Top of GIVEN RECORDS
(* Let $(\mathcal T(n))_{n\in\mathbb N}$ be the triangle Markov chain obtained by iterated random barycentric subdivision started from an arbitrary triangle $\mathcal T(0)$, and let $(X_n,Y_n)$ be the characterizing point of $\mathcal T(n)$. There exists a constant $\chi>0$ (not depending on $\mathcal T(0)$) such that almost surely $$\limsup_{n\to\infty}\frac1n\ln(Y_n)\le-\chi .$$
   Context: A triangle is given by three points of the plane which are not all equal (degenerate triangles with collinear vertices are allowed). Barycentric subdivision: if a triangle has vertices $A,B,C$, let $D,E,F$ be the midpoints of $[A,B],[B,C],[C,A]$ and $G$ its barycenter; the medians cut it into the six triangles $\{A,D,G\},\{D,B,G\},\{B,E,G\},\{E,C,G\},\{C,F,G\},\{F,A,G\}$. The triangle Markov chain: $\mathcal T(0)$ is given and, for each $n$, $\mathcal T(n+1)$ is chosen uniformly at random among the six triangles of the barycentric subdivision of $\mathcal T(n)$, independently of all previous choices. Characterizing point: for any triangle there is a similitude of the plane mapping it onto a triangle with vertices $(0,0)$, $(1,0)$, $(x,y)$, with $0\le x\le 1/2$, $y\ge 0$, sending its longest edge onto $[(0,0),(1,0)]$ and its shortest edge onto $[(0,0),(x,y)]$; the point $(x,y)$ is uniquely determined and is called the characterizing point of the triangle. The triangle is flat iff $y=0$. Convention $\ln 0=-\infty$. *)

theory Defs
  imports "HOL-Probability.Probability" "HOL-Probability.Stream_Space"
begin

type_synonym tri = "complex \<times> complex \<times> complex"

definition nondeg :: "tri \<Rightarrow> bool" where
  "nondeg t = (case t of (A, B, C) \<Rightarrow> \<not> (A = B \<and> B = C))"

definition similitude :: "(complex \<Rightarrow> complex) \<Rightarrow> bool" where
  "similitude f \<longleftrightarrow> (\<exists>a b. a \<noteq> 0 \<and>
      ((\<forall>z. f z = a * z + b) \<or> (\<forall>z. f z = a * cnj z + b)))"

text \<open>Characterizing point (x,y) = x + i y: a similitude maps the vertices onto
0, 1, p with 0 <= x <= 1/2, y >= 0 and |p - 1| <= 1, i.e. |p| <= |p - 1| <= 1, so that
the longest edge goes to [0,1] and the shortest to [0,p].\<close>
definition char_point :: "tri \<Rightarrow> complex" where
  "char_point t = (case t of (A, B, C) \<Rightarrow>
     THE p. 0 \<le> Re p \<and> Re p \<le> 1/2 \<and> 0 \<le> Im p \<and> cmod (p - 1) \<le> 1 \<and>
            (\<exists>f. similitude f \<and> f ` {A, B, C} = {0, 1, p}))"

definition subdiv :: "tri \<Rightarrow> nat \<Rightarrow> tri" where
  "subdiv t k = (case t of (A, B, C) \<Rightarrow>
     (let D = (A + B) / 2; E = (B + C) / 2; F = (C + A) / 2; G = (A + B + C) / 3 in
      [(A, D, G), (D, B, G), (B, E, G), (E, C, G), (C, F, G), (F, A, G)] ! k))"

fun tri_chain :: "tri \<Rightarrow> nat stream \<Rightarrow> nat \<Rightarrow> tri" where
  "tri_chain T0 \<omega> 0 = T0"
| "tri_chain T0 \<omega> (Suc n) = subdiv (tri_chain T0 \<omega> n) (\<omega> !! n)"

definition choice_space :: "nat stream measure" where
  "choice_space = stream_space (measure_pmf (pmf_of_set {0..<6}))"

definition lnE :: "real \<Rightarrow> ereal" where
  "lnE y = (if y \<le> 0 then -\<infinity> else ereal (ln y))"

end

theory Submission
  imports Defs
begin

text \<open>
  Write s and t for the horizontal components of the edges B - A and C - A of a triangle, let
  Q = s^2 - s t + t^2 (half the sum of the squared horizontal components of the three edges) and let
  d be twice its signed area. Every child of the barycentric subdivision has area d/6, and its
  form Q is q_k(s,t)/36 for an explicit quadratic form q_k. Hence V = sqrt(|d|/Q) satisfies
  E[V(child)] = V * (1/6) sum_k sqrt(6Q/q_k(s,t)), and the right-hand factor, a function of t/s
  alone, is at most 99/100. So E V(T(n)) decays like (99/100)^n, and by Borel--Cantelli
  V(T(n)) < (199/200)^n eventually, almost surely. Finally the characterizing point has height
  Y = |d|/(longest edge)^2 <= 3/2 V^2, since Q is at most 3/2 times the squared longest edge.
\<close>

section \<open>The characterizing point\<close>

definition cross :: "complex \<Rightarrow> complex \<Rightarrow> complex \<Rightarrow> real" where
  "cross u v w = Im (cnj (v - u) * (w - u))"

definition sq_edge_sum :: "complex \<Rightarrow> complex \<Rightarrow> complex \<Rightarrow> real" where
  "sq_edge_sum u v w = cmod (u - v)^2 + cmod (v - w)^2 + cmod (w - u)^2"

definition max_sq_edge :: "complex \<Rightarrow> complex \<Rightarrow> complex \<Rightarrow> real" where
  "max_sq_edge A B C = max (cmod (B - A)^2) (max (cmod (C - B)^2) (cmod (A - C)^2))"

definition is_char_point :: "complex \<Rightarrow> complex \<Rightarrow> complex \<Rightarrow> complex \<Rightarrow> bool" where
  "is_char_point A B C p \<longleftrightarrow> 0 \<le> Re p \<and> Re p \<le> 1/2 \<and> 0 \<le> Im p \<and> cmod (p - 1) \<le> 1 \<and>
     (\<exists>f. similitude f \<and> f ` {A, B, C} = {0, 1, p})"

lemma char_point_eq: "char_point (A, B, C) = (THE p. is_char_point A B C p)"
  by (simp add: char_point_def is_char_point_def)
Bottom of GIVEN RECORDS
Set down precisely the lines above between the line holding "V(T(n)) < (199/200)^n" and the line holding "w = Im (cnj", inclusive, and nothing beyond them.

**RESULT OF THE TASK:**
  V(T(n)) < (199/200)^n eventually, almost surely. Finally the characterizing point has height
  Y = |d|/(longest edge)^2 <= 3/2 V^2, since Q is at most 3/2 times the squared longest edge.
\<close>

section \<open>The characterizing point\<close>

definition cross :: "complex \<Rightarrow> complex \<Rightarrow> complex \<Rightarrow> real" where
  "cross u v w = Im (cnj (v - u) * (w - u))"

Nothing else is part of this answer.